Jeff J Mitchell/Getty Images
Pupils at Williamwood High School sit their exams on February 5, 2010 in Glasgow.
If you want to know how likely your newborn child is to do well at school or go on to university, scientists may be able to tell with a simple DNA swab. Writing for The World Weekly, David Hugh-Jones introduces his latest research on the subject.
T he graph below, which comes from a new paper by me and my co-authors, shows the proportions of each of five groups in the UK that go to university, or leave school with A levels, GCSEs or no qualifications at all. There is some serious inequality here: about half of the top group go to university, less than 20% of the bottom group. What might these groups be? Social classes? Rich versus poor? North and south?

In fact, they are defined purely by genetics. The top group contains people whose educational attainment, as predicted from their DNA, is in the top 20%, the bottom group is the bottom 20%, and the others are those in between. I’ll spare you the details of how the prediction is done, but it is calculated from DNA alone. Give me a swab from the inside of your child’s cheek, and I’ll tell you how likely she is to go to university.
The age of genomics is coming. In 2000, the human genome was completely sequenced for the first time. It cost about a billion dollars. Since then, the cost has fallen astonishingly fast. Today, an assay chip can tell which of a million common mutations you have, for the cost of a restaurant meal. And we are getting ever better at predicting social outcomes from this data. Twin studies tell us that about 20-40% of the difference between people in educational attainment is genetic. So far we’ve captured far less than half of that. In future versions of the graph, differences between the groups will be steeper still.
This research is a challenge to egalitarians. Prime Minister Theresa May called it a “burning injustice” that white, working-class boys were the least likely group to go to university. Well, whose fault is it exactly? Genes are passed down from parents to children. If the children of poor parents don’t get on in life, maybe they, like their parents, don’t have what it takes to succeed.

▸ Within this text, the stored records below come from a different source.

(* Let $q=2^m$ and let $e$ be an integer with $1\le e<m$. Then every $e$-Klenian polynomial $f\in\mathbb F_q[X,Y]$ has a companion.
   Context: $q$ is a prime power and $\mathbb F_q=\{c_0,\dots,c_{q-1}\}$ is a fixed enumeration; $\mathfrak S_q$ is the symmetric group of permutations of $\mathbb F_q$, composed right to left, written in cycle notation. Every function $\mathbb F_q^2\to\mathbb F_q$ is identified with the unique polynomial in $\mathbb F_q[X,Y]$ of degree $<q$ in each variable representing it. $f\in\mathbb F_q[X,Y]$ is a local permutation polynomial (LPP) if $x\mapsto f(x,y_0)$ and $y\mapsto f(x_0,y)$ are permutations of $\mathbb F_q$ for all $x_0,y_0$. A permutation polynomial tuple is $(\beta_0,\dots,\beta_{q-1})\in\mathfrak S_q^q$ such that $\beta_i^{-1}\beta_j$ has no fixed point whenever $i\ne j$; LPPs $f$ correspond bijectively to such tuples via $f(x,\beta_i(x))=c_i$ for all $x$ and all $i$. Two LPPs $f,g$ are orthogonal (companions) if for every $(a,b)\in\mathbb F_q^2$ the system $f(X,Y)=a$, $g(X,Y)=b$ has exactly one solution in $\mathbb F_q^2$; a companion of $f$ is an LPP orthogonal to $f$. $e$-Klenian polynomials: for $q=p^r$, $0\le e<r$, $\ell=p^e$, $t=q/\ell$, let $\alpha=\prod_{i=0}^{t-1}(c_{i\ell},c_{i\ell+1},\dots,c_{(i+1)\ell-1})$, $\beta=\prod_{j=0}^{\ell-1}(c_j,c_{j+\ell},\dots,c_{j+(t-1)\ell})$ and $G=\{\alpha^i\beta^j:0\le i\le \ell-1,0\le j\le t-1\}$ (a subgroup of $\mathfrak S_q$ of order $q$ whose non-identity elements have no fixed points); an $e$-Klenian polynomial is an LPP whose permutation polynomial tuple consists of the $q$ elements of $G$ in some order. *)

theory Defs
  imports Main "HOL-Library.Cardinality"
begin
(* Let $m\ge2$ and let $r\ge0$ be the integer with $2^r\,\|\,m+1$. Then for every $a\in\{1,2,\dots,m\}$, $a$ is periodic under $f_2$ (i.e. $f_2^t(a)=a$ for some $t\ge1$) if and only if $2^r\,\|\,a$. Equivalently, the union of all fixed sets $K(x)\ne\{0\}$ of the two-digit base-$m$ Kaprekar map equals $\{a(m-1):1\le a\le m,\ 2^r\,\|\,a\}$.
   Context: For an integer $m\ge2$, $X=\{0,1,\dots,m^2-1\}$, each element written with exactly two base-$m$ digits (leading zeros allowed), and $f(x)=D(x)-A(x)$ is the two-digit base-$m$ Kaprekar map ($D(x)$, $A(x)$: digits of $x$ in nonincreasing, resp. nondecreasing, order). The map $f_2:\{0,\dots,m\}\to\{0,\dots,m\}$ is defined by $f(a(m-1))=f_2(a)(m-1)$; explicitly $f_2(0)=0$ and $f_2(a)=|2a-m-1|$ for $1\le a\le m$. For integers $r\ge0$ and $N\neq0$, $2^r\,\|\,N$ means $2^r\mid N$ and $2^{r+1}\nmid N$. The fixed set of $x$ is $K(x)=\{f^{S(x)+i}(x):0\le i<T(x)\}$, where $S(x)$ is the least $s\ge0$ with $f^{s+t}(x)=f^s(x)$ for some $t\ge1$ and $T(x)$ the least such $t$ for $s=S(x)$. *)

theory Defs
  imports Main
begin

definition exdvd2 :: "nat \<Rightarrow> nat \<Rightarrow> bool" where
  "exdvd2 r N \<longleftrightarrow> 2 ^ r dvd N \<and> \<not> 2 ^ (r + 1) dvd N"

definition kapD :: "nat \<Rightarrow> nat \<Rightarrow> nat" where
  "kapD m x = max (x div m) (x mod m) * m + min (x div m) (x mod m)"

definition kapA :: "nat \<Rightarrow> nat \<Rightarrow> nat" where
  "kapA m x = min (x div m) (x mod m) * m + max (x div m) (x mod m)"

definition kap :: "nat \<Rightarrow> nat \<Rightarrow> nat" where
  "kap m x = kapD m x - kapA m x"

definition f2 :: "nat \<Rightarrow> nat \<Rightarrow> nat" where
  "f2 m a = (if a = 0 then 0 else nat \<bar>2 * int a - int m - 1\<bar>)"

definition kapS :: "nat \<Rightarrow> nat \<Rightarrow> nat" where
  "kapS m x = (LEAST s. \<exists>t\<ge>1. (kap m ^^ (s + t)) x = (kap m ^^ s) x)"

definition kapT :: "nat \<Rightarrow> nat \<Rightarrow> nat" where
  "kapT m x = (LEAST t. t \<ge> 1 \<and> (kap m ^^ (kapS m x + t)) x = (kap m ^^ kapS m x) x)"

definition kapK :: "nat \<Rightarrow> nat \<Rightarrow> nat set" where
  "kapK m x = {(kap m ^^ (kapS m x + i)) x | i. i < kapT m x}"

end

theory Submission
  imports Defs "HOL-Combinatorics.Cycles"
begin

(* The Kaprekar map sends a number with base-m digits p, q to |p - q| (m - 1), and on the
   multiples a (m - 1) it acts as a \<mapsto> f2 a. Hence the nonzero elements of fixed sets are
   exactly the a (m - 1) with a periodic under f2 = |2a - (m + 1)|.
   Since 2^r exactly divides m + 1, each step of f2 gains a factor 2 as long as the 2-adic
   valuation is below r, and it maps numbers of valuation exactly r to such numbers. A periodic
   point lies in the image of every iterate, so it has valuation exactly r. Conversely, f2 is
   injective on the finite set of such a in {1..m}: f2 a = f2 b with a \<noteq> b forces a + b = m + 1,
   but the sum of two numbers of valuation r has valuation > r. So f2 permutes this set and all
   its points are periodic. *)

lemma funpow_funpow_apply: "(f ^^ m) ((f ^^ n) x) = (f ^^ (m + n)) x"
  by (simp add: funpow_add)

definition periodic_point :: "('a \<Rightarrow> 'a) \<Rightarrow> 'a \<Rightarrow> bool" where
  "periodic_point f a \<longleftrightarrow> (\<exists>t\<ge>1. (f ^^ t) a = a)"

lemma periodic_point_funpow_preimage:
  assumes "periodic_point f a"
  obtains k where "(f ^^ n) ((f ^^ k) a) = a"
proof -
  obtain t where t: "t \<ge> 1" "(f ^^ t) a = a"
    using assms unfolding periodic_point_def by blast
  have "n + (t * n - n) = t * n"
    using t(1) by (simp add: add_diff_inverse_nat)
  then have "(f ^^ n) ((f ^^ (t * n - n)) a) = (f ^^ (t * n)) a"
    by (simp add: funpow_funpow_apply)
  also have "\<dots> = a"
    using funpow_mod_eq[where f = f and n = t and x = a and m = "t * n"] t(2) by simp
  finally show ?thesis by (rule that)
qed

lemma periodic_point_funpow:
  assumes "periodic_point f a"
  shows "periodic_point f ((f ^^ n) a)"
proof -
  obtain t where t: "t \<ge> 1" "(f ^^ t) a = a"
    using assms unfolding periodic_point_def by blast
  have "(f ^^ t) ((f ^^ n) a) = (f ^^ n) ((f ^^ t) a)"
    by (simp add: funpow_funpow_apply add.commute)
  with t show ?thesis unfolding periodic_point_def by auto
qed

lemma periodic_point_if_inj_on_finite:
  assumes "finite S" "inj_on f S" "f ` S \<subseteq> S" "a \<in> S"
  shows "periodic_point f a"
proof -
  define g where "g x = (if x \<in> S then f x else x)" for x
  have "g permutes S"
    by (rule inj_imp_permutes) (use assms in \<open>auto simp: g_def inj_on_def\<close>)
  then have "permutation g"
    using assms(1) permutation_permutes by blast
  then obtain n where n: "g ^^ n = id" "n > 0"
    by (rule permutation_is_nilpotent)
  have "(g ^^ k) a = (f ^^ k) a \<and> (f ^^ k) a \<in> S" for k
    by (induction k) (use assms in \<open>auto simp: g_def\<close>)
  then have "(f ^^ n) a = a"
    using n(1) by (metis id_apply)
  with n(2) show ?thesis
    unfolding periodic_point_def by (auto intro: Suc_leI)
qed

lemma funpow_eventually_periodic:
  assumes "finite S" "f ` S \<subseteq> S" "x \<in> S"
  shows "\<exists>s. \<exists>t\<ge>1. (f ^^ (s + t)) x = (f ^^ s) x"
proof -
  have orbit: "(f ^^ k) x \<in> S" for k
    by (induction k) (use assms in auto)
  have "\<not> inj_on (\<lambda>k. (f ^^ k) x) {0..card S}"
  proof
    assume "inj_on (\<lambda>k. (f ^^ k) x) {0..card S}"
    then have "card {0..card S} \<le> card S"
      using card_inj_on_le[OF _ _ assms(1)] orbit by blast
    then show False by simp
  qed
  then obtain i j where "i < j" "(f ^^ i) x = (f ^^ j) x"
    unfolding inj_on_def by (metis linorder_neqE_nat)
  then show ?thesis
    by (intro exI[of _ i] exI[of _ "j - i"]) auto
qed

lemma exdvd2_imp_nonzero: "exdvd2 r x \<Longrightarrow> x \<noteq> 0"
  unfolding exdvd2_def by (metis dvd_0_right)

lemma exdvd2_add_iff:
  assumes "2 ^ (r + 1) dvd y"
  shows "exdvd2 r (x + y) \<longleftrightarrow> exdvd2 r x"
proof -
  have "2 ^ r dvd y"
    using dvd_trans[OF le_imp_power_dvd[of r "r + 1"] assms] by simp
  with assms show ?thesis
    unfolding exdvd2_def by (simp add: dvd_add_left_iff)
qed

lemma exdvd2_iff_exdvd2_of_dvd_add:
  assumes "2 ^ (r + 1) dvd x + y"
  shows "exdvd2 r x \<longleftrightarrow> exdvd2 r y"
proof -
  have "2 ^ r dvd x + y"
    using dvd_trans[OF le_imp_power_dvd[of r "r + 1"] assms] by simp
  with assms show ?thesis
    unfolding exdvd2_def by (metis dvd_add_right_iff add.commute)
qed

lemma exdvd2_add_exdvd2:
  assumes "exdvd2 r x" "exdvd2 r y"
  shows "2 ^ (r + 1) dvd x + y"
proof -
  obtain x' y' where "x = 2 ^ r * x'" "y = 2 ^ r * y'"
    using assms unfolding exdvd2_def by (auto elim!: dvdE)
  moreover from assms this have "odd x'" "odd y'"
    unfolding exdvd2_def by auto
  ultimately show ?thesis
    by (auto simp: distrib_left[symmetric] elim!: oddE)
qed

lemma f2_0 [simp]: "f2 m 0 = 0"
  by (simp add: f2_def)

Maybe Mother Nature, not society, is the unfair one.
This reaction is premature. First, all these genetic pathways lead, at some stage, through society. For instance, obviously, our graph could not have been drawn in a world without universities. And the genes for education aren’t necessarily giving you a big brain. Suppose being tall or good-looking gets you more attention from teachers – there’s evidence for similar effects in the labour market – so you end up doing better at school. Then, genes for height and looks will be predictive of your education and they will be part of the score our graph uses. Of course that wouldn’t stop us trying to change society so that tall, handsome people didn’t get unfair advantages.
Second, genetic does not mean unchangeable. There is a famous example of this: myopia, which is mostly genetic, can be cured simply by wearing spectacles. Maybe there are equally simple ways to help people who do badly in school. Genetic research could help us find them.
There’s a subtler fact, too. Genes are biologically fixed at birth. But how you got your genes – how mum met dad – was a social process. For example, assortative mating, where genetically similar people marry each other, can increase genetic inequality. If everyone pairs off at random, their kids will all be quite alike, but if smart people only marry smart people, then the next generation will have some kids with very good genes, some with bad genes, and a lot of inequality. But how much “sorting out” there is depends on how society is organised. Levels of assortative mating have gone up in the US in recent years, because society changed so that people spent more time with others of similar backgrounds. With enough political will, it could change again.
All this said, the age of genetics is not good news for egalitarians. Even in a perfectly meritocratic society, where children inherited no wealth or social advantages from their parents, they’d still get a genetic hand-me-down. The word meritocracy, remember, was first coined in a dystopian sci-fi satire from the 1950s. In it, a smug elite, sure of its natural fitness to rule, is roiled by the disappointed masses who have realised that a level playing field still gives them no chance of success.